O ministro Flávio Dino, do Supremo Tribunal Federal (STF), pediu vista nesta quinta-feira (6) e interrompeu o julgamento que analisa a legalidade da criminalização dos jogos de azar no Brasil.
A ação discute se a exploração de atividades como bingo, jogo do bicho e máquinas caça-níqueis deve continuar enquadrada como contravenção penal, conforme previsto no artigo 50 da Lei das Contravenções Penais, de 1941.
Ao apresentar o pedido de vista, Dino afirmou que o Supremo também precisa avaliar os efeitos da decisão sobre as apostas esportivas de quota fixa, conhecidas como bets. Segundo o ministro, é necessário esclarecer se essas modalidades devem ser incluídas ou não na discussão sobre jogos de azar.

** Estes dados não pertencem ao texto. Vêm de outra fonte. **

lemma cut_condition_if_degree_bounds:
  fixes a b :: "nat \<Rightarrow> nat"
  assumes bounds: "\<forall>i<n. m \<le> a i \<and> a i \<le> M \<and> m \<le> b i \<and> b i \<le> M"
    and sums: "(\<Sum>i<n. a i) = (\<Sum>j<n. b j)" and "M < n"
    and admissible: "max_degree_admissible n m M (\<Sum>j<n. b j - m)"
  shows "cut_condition n a b"
  unfolding cut_condition_def
proof (intro allI impI)
  fix S assume S: "S \<subseteq> {..<n}"
  consider "M < card S" | "card S \<le> m" | "m < card S" "card S \<le> M" by linarith
  then show "(\<Sum>i\<in>S. a i) \<le> (\<Sum>j<n. min (b j) (card (S - {j})))"
  proof cases
    case 1
    then show ?thesis using bounds sums S by (intro cut_inequality_large_set) auto
  next
    case 2
    then show ?thesis using bounds \<open>M < n\<close> S by (intro cut_inequality_small_set) auto
  next
    case 3
    then show ?thesis using cut_inequality_middle_set[OF bounds sums \<open>M < n\<close> admissible S] by blast
  qed
qed

lemma max_degree_admissible_if_floor_bound:
  fixes n m M E :: nat
  assumes "m \<le> M" and D: "D = (real m + 1)\<^sup>2 + real E - real n * real m"
    and bound: "int M \<le> \<lfloor>real E / (if 0 \<le> D then real_of_int \<lceil>real m + 1 + sqrt D\<rceil> else 1) + real m\<rfloor>"
  shows "max_degree_admissible n m M E"
proof (cases "0 \<le> D")
  case True
  define k where "k = \<lceil>real m + 1 + sqrt D\<rceil>"
  have k_ge: "real m + 1 + sqrt D \<le> real_of_int k" unfolding k_def by (rule le_of_int_ceiling)
  have "0 \<le> sqrt D" using True by simp
  with k_ge have "int m + 1 \<le> k" by linarith
  from k_ge \<open>0 \<le> sqrt D\<close> have "0 < real_of_int k" by linarith
  have "real M \<le> real E / real_of_int k + real m"
    using bound unfolding if_P[OF True] k_def[symmetric] le_floor_iff by simp
  then have "real_of_int (k * int (M - m)) \<le> real_of_int (int E)"
    using \<open>0 < real_of_int k\<close> \<open>m \<le> M\<close> by (simp add: field_simps of_nat_diff)
  then have "k * int (M - m) \<le> int E" by (simp only: of_int_le_iff)
  moreover have "sqrt D \<le> real_of_int k - real m - 1" using k_ge by linarith
  then have "(sqrt D)\<^sup>2 \<le> (real_of_int k - real m - 1)\<^sup>2"
    using \<open>0 \<le> sqrt D\<close> by (rule power_mono)
  then have "real_of_int (int E) \<le> real_of_int (k\<^sup>2 - 2 * (int m + 1) * k + int n * int m)"
    using D True by (simp add: power2_eq_square algebra_simps)
  then have "int E \<le> k\<^sup>2 - 2 * (int m + 1) * k + int n * int m" by (simp only: of_int_le_iff)
  ultimately show ?thesis using \<open>int m + 1 \<le> k\<close> unfolding max_degree_admissible_def by blast
next
  case False
  then have "real_of_int ((int m + 1)\<^sup>2 + int E) < real_of_int (int n * int m)" using D by simp
  then have "(int m + 1)\<^sup>2 + int E < int n * int m" by (simp only: of_int_less_iff)
  then show ?thesis unfolding max_degree_admissible_def by blast
qed

lemma bideg_bounds:
  "i < n \<Longrightarrow> min_bideg n a b \<le> a i \<and> a i \<le> max_bideg n a b \<and>
     min_bideg n a b \<le> b i \<and> b i \<le> max_bideg n a b"
  by (simp add: min_bideg_def max_bideg_def)

lemma avg_deg_excess:
  assumes "n \<ge> 1" "bidegree_sum n a b" "\<forall>j<n. m \<le> b j"
  shows "real n * (avg_deg n a - real m) = real (\<Sum>j<n. b j - m)"
proof -
  define E where "E = (\<Sum>j<n. b j - m)"
  have "(\<Sum>i<n. a i) = n * m + E"
    using assms(2,3) unfolding bidegree_sum_def E_def by (simp add: sum_eq_mult_plus_excess)
  moreover have "real n * avg_deg n a = real (\<Sum>i<n. a i)" using assms(1) by (simp add: avg_deg_def)
  ultimately show ?thesis unfolding E_def[symmetric] by (simp add: algebra_simps)
qed

theorem theorem6:
  fixes n :: nat and a b :: "nat \<Rightarrow> nat"
  assumes "n \<ge> 1"
    and "bidegree_sum n a b"
    and "min_bideg n a b \<le> n - 1"
    and "max_bideg n a b \<le>
      min (let m = real (min_bideg n a b); c = avg_deg n a;
               D = (m + 1)\<^sup>2 + real n * (c - 2 * m);
               k = (if D \<ge> 0 then real_of_int \<lceil>m + 1 + sqrt D\<rceil> else 1)
           in \<lfloor>real n * (c - m) / k + m\<rfloor>) (int n - 1)"
  shows "graphic n a b"
proof -
  define m where "m = min_bideg n a b"
  define M where "M = max_bideg n a b"
  define E where "E = (\<Sum>j<n. b j - m)"
  have bounds: "\<forall>i<n. m \<le> a i \<and> a i \<le> M \<and> m \<le> b i \<and> b i \<le> M"
    unfolding m_def M_def using bideg_bounds by blast
  then have "m \<le> M" using \<open>n \<ge> 1\<close> by force
  define D where "D = (real m + 1)\<^sup>2 + real E - real n * real m"
  have excess: "real n * (avg_deg n a - real m) = real E"
    unfolding E_def using assms(1,2) bounds by (intro avg_deg_excess) auto
  then have average: "(real m + 1)\<^sup>2 + real n * (avg_deg n a - 2 * real m) = D"
    unfolding D_def by (simp add: algebra_simps)
  from assms(4) have "int M \<le> int n - 1"
    and "int M \<le> \<lfloor>real E / (if 0 \<le> D then real_of_int \<lceil>real m + 1 + sqrt D\<rceil> else 1) + real m\<rfloor>"
    unfolding Let_def m_def[symmetric] M_def[symmetric] excess average min.bounded_iff by blast+
  then have "M < n" and "max_degree_admissible n m M E"
    using \<open>m \<le> M\<close> D_def by (auto intro: max_degree_admissible_if_floor_bound)
  then show ?thesis
    using assms(2) bounds unfolding E_def
    by (intro graphic_if_cut_condition cut_condition_if_degree_bounds) (auto simp: bidegree_sum_def)
qed

end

“Eu não vejo como separar, porque bet é jogo de azar. O próprio relator falou diversas vezes de bets. Então, se jogo de azar é contravenção, bet também é? Temos que explicar isso. Estamos tratando de jogos de azar, menos bets? Por quê? Isso é importante para a compreensão do julgamento”, afirmou.
O caso tem repercussão geral, o que significa que a decisão tomada pela Corte deverá orientar processos semelhantes em todo o país.
Antes da suspensão, o relator da ação, ministro Luiz Fux, votou pela manutenção da criminalização da exploração de jogos de azar. Para ele, a norma tem como objetivo proteger aspectos como saúde, patrimônio, autonomia individual e bem-estar social.